Posted Jun 3, 2013 8:53 UTC (Mon) by micka (subscriber, #38720) [Link]

I'm not sure I agree that a change TO a stupid behaviour is a good idea, event if the current state is a stupid behaviour and the next state is standard-compliant.

The change is just not worth it, and if you must have a stupid behaviour, it's better to keep the one you have.

It would be different to change to a *less* stupid behaviour (even non standard-compliant) like changing the 'no such file or directory' to 'symlink to empty name not allowed'. Not compliant but sure less stupid and confusing.

Empty symlinks and full POSIX compliance

Posted Jul 20, 2013 1:49 UTC (Sat) by kirv (guest, #89016) [Link]

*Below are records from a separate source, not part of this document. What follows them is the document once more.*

lemma upper_integral_le_band_near_diagonal_small:
  assumes "0 \<le> \<xi>" "\<xi> < 1" "1 \<le> M" "0 < R"
  shows "upper_integral_le (\<lambda>\<eta>. ennreal (weight \<mu> \<nu> \<xi> \<eta>)) (level_band \<xi> \<alpha> M R \<inter> {5*\<xi>/6..3*\<xi>/2})
    (ennreal (23 * (sqrt M * R powr (\<mu> - \<nu>))))"
proof (rule upper_integral_le_from_point)
  let ?T = "level_band \<xi> \<alpha> M R \<inter> {5*\<xi>/6..3*\<xi>/2}"
  fix x0 assume x0: "x0 \<in> ?T"
  have "R \<le> 5/2 * \<xi>"
    using level_band_threshold[of x0 \<xi> \<alpha> M R] x0 assms by (auto simp: abs_if split: if_splits)
  then have "0 < \<xi>" "R \<le> 5/2"
    using assms by linarith+
  have "?T \<subseteq> cball \<xi> (\<xi>/2)"
    using \<open>0 < \<xi>\<close> by (auto simp: dist_real_def abs_if)
  moreover have "ennreal (weight \<mu> \<nu> \<xi> x) \<le> ennreal 9" if "x \<in> ?T" for x
    using that \<open>0 < \<xi>\<close> assms by (intro ennreal_leI weight_le_near_diagonal_small) auto
  ultimately have "upper_integral_le (\<lambda>\<eta>. ennreal (weight \<mu> \<nu> \<xi> \<eta>)) ?T (ennreal (2 * 9 * (\<xi>/2)))"
    using \<open>0 < \<xi>\<close> by (intro upper_integral_le_bounded_on_ball) auto
  moreover have "2 * 9 * (\<xi>/2) \<le> 23 * (sqrt M * R powr (\<mu> - \<nu>))"
  proof -
    have "(5/2) powr (-1) \<le> (5/2) powr (\<mu> - \<nu>)"
      using exponents by (intro powr_mono) auto
    also have "\<dots> \<le> R powr (\<mu> - \<nu>)"
      using \<open>R \<le> 5/2\<close> assms exponents by (intro powr_mono2') auto
    finally have "1 * (2/5) \<le> sqrt M * R powr (\<mu> - \<nu>)"
      using assms by (intro mult_mono) (auto simp: powr_minus_divide)
    then show ?thesis
      using assms by linarith
  qed
  ultimately show "upper_integral_le (\<lambda>\<eta>. ennreal (weight \<mu> \<nu> \<xi> \<eta>)) ?T
      (ennreal (23 * (sqrt M * R powr (\<mu> - \<nu>))))"
    by (elim upper_integral_le_bound_mono) (rule ennreal_leI)
qed
lemma int_span_power_add_prime:
  assumes mult_closed: "\<And>u v. u \<in> U \<Longrightarrow> v \<in> U \<Longrightarrow> u * v \<in> U" and one: "1 \<in> U"
    and a: "a \<in> int_span U" and b: "b \<in> int_span U" and p: "Factorial_Ring.prime (p::nat)"
  shows "\<exists>r\<in>int_span U. (a + b) ^ p = a ^ p + b ^ p + of_nat p * r"
proof -
  have p_pos: "p > 0" using p prime_gt_0_nat by blast
  define t where "t k = of_nat (p choose k) * a ^ k * b ^ (p - k)" for k
  have "{..p} = insert 0 (insert p {1..<p})" by auto
  then have "(a + b) ^ p = a ^ p + b ^ p + (\<Sum>k\<in>{1..<p}. t k)"
    unfolding binomial_ring t_def[symmetric] using p_pos by (simp add: sum.insert t_def)
  moreover define r where "r = (\<Sum>k\<in>{1..<p}. of_nat ((p choose k) div p) * (a ^ k * b ^ (p - k)))"
  have "(\<Sum>k\<in>{1..<p}. t k) = of_nat p * r"
    unfolding r_def sum_distrib_left
  proof (rule sum.cong)
    fix k assume "k \<in> {1..<p}"
    then have "p dvd (p choose k)" using p by (intro dvd_choose_prime) auto
    then show "t k = of_nat p * (of_nat ((p choose k) div p) * (a ^ k * b ^ (p - k)))"
      unfolding t_def by (metis (no_types, lifting) dvd_mult_div_cancel mult.assoc of_nat_mult)
  qed simp
  moreover have "r \<in> int_span U" unfolding r_def
    by (intro int_span_sum int_span_of_nat_mult int_span_mult[OF mult_closed]
        int_span_power[OF mult_closed one] a b) auto
  ultimately show ?thesis by auto
qed

lemma int_span_power_sum_prime:
  assumes mult_closed: "\<And>u v. u \<in> U \<Longrightarrow> v \<in> U \<Longrightarrow> u * v \<in> U" and one: "1 \<in> U"
    and p: "Factorial_Ring.prime (p::nat)" and "finite S" and "\<And>i. i \<in> S \<Longrightarrow> f i \<in> int_span U"
  shows "\<exists>r\<in>int_span U. (\<Sum>i\<in>S. f i) ^ p - (\<Sum>i\<in>S. f i ^ p) = of_nat p * r"
  using assms(4,5)
proof (induction S rule: finite_induct)
  case empty
  then show ?case using p prime_gt_0_nat by (intro bexI[of _ 0]) (auto intro: int_span.zero)
next
  case (insert i S)
  obtain r1 where r1: "r1 \<in> int_span U" "(\<Sum>i\<in>S. f i) ^ p - (\<Sum>i\<in>S. f i ^ p) = of_nat p * r1"
    using insert by auto
  have "f i \<in> int_span U" and "(\<Sum>i\<in>S. f i) \<in> int_span U"
    using insert by (auto intro: int_span_sum)
  from int_span_power_add_prime[OF mult_closed one this p] obtain r2 where
    r2: "r2 \<in> int_span U" "(f i + (\<Sum>i\<in>S. f i)) ^ p = f i ^ p + (\<Sum>i\<in>S. f i) ^ p + of_nat p * r2"
    by auto
  have "(\<Sum>i\<in>insert i S. f i) ^ p - (\<Sum>i\<in>insert i S. f i ^ p) = of_nat p * (r1 + r2)"
    using insert(1,2) r1(2) r2(2) by (simp add: algebra_simps)
  then show ?case using r1(1) r2(1) by (auto intro: int_span.add)
qed

lemma int_power_prime_cong:
  fixes A :: int assumes p: "Factorial_Ring.prime (p::nat)"
  shows "[A ^ p = A] (mod int p)"
proof -
  define a where "a = nat (A mod int p)"
  have p_pos: "p > 0" using p prime_gt_0_nat by blast
  have A_a: "[A = int a] (mod int p)" unfolding a_def using p_pos by (simp add: cong_def)
  have "[a * a ^ (p - 1) = a] (mod p)"
  proof (cases "p dvd a")
    case True
    then show ?thesis by (simp add: cong_0_iff cong_def)
  next
    case False
    then show ?thesis using cong_scalar_left[OF fermat_theorem[OF p False], of a] by simp
  qed
  then have "[a ^ p = a] (mod p)" using p_pos by (metis Suc_diff_1 power_Suc)
  then have "[int a ^ p = int a] (mod int p)" by (metis cong_int_iff of_nat_power)
  then show ?thesis using A_a cong_pow[OF A_a, of p] by (meson cong_sym cong_trans)
qed

section \<open>Linear characters of a finite group\<close>

definition char_power :: "('a, 'b) monoid_scheme \<Rightarrow> ('a \<Rightarrow> complex) \<Rightarrow> nat \<Rightarrow> 'a \<Rightarrow> complex" where
  "char_power G c n = (\<lambda>x. if x \<in> carrier G then c x ^ n else 0)"

definition kernel_of_chars :: "('a, 'b) monoid_scheme \<Rightarrow> ('a \<Rightarrow> complex) set \<Rightarrow> 'a set" where
  "kernel_of_chars G H = {g \<in> carrier G. \<forall>\<xi> \<in> H. \<xi> g = 1}"

locale finite_group = group G for G (structure) +
  assumes finite_carrier: "finite (carrier G)"
begin

lemma lin_char_mult: "c \<in> lin_chars G \<Longrightarrow> x \<in> carrier G \<Longrightarrow> y \<in> carrier G \<Longrightarrow> c (x \<otimes> y) = c x * c y"
  by (simp add: lin_chars_def)

lemma lin_char_nonzero: "c \<in> lin_chars G \<Longrightarrow> x \<in> carrier G \<Longrightarrow> c x \<noteq> 0"
  by (simp add: lin_chars_def)

lemma lin_char_outside: "c \<in> lin_chars G \<Longrightarrow> x \<notin> carrier G \<Longrightarrow> c x = 0"
  by (simp add: lin_chars_def)

lemma lin_char_one: assumes "c \<in> lin_chars G" shows "c \<one> = 1"
  using lin_char_mult[OF assms, of \<one> \<one>] lin_char_nonzero[OF assms, of \<one>] by simp

lemma lin_char_inv: "c \<in> lin_chars G \<Longrightarrow> x \<in> carrier G \<Longrightarrow> c (inv x) * c x = 1"
  by (metis lin_char_mult lin_char_one inv_closed l_inv)

lemma lin_char_root_of_unity: assumes "c \<in> lin_chars G" "x \<in> carrier G" shows "c x ^ Coset.order G = 1"
proof -
  have "c (x [^] n) = c x ^ n" for n :: nat
    by (induction n) (simp_all add: assms lin_char_one lin_char_mult)
  then show ?thesis using pow_order_eq_1[OF assms(2)] lin_char_one[OF assms(1)] by metis
qed

lemma order_pos: "Coset.order G > 0"
  using finite_carrier order_gt_0_iff_finite by blast

lemma finite_lin_chars: "finite (lin_chars G)"
proof -
  define U where "U = {z::complex. z ^ Coset.order G = 1}"
  define extend where "extend f x = (if x \<in> carrier G then f x else 0)" for f :: "'a \<Rightarrow> complex" and x
  have "lin_chars G \<subseteq> extend ` (PiE (carrier G) (\<lambda>_. U))"
  proof
    fix c assume c: "c \<in> lin_chars G"
    have "c = extend (restrict c (carrier G))"
      using lin_char_outside[OF c] by (auto simp: fun_eq_iff extend_def)
    moreover have "restrict c (carrier G) \<in> PiE (carrier G) (\<lambda>_. U)"
      using lin_char_root_of_unity[OF c] by (auto simp: U_def)
    ultimately show "c \<in> extend ` (PiE (carrier G) (\<lambda>_. U))" by blast
  qed
  moreover have "finite U" unfolding U_def using order_pos by (intro finite_roots_unity) simp
  ultimately show ?thesis using finite_carrier by (metis finite_PiE finite_imageI finite_subset)
qed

Bingo. As the originator of this 'bug report', the reason I posted it was that the error message was confusing. Consider:

$ ln -s /no-such-file foo
$ ln -s "" bar
ln: creating symbolic link `bar' -> `': No such file or directory

Since the non-existence of the target file is not a problem, what 'file or directory' is being referred to?

I have no particular use in mind for empty symlink targets, and just ran into this case while working up some test scripts. I do have use for arbitrary strings in the system target, and would think it preferable to allow the empty string there just for consistency, but at least the error message should be meaningful.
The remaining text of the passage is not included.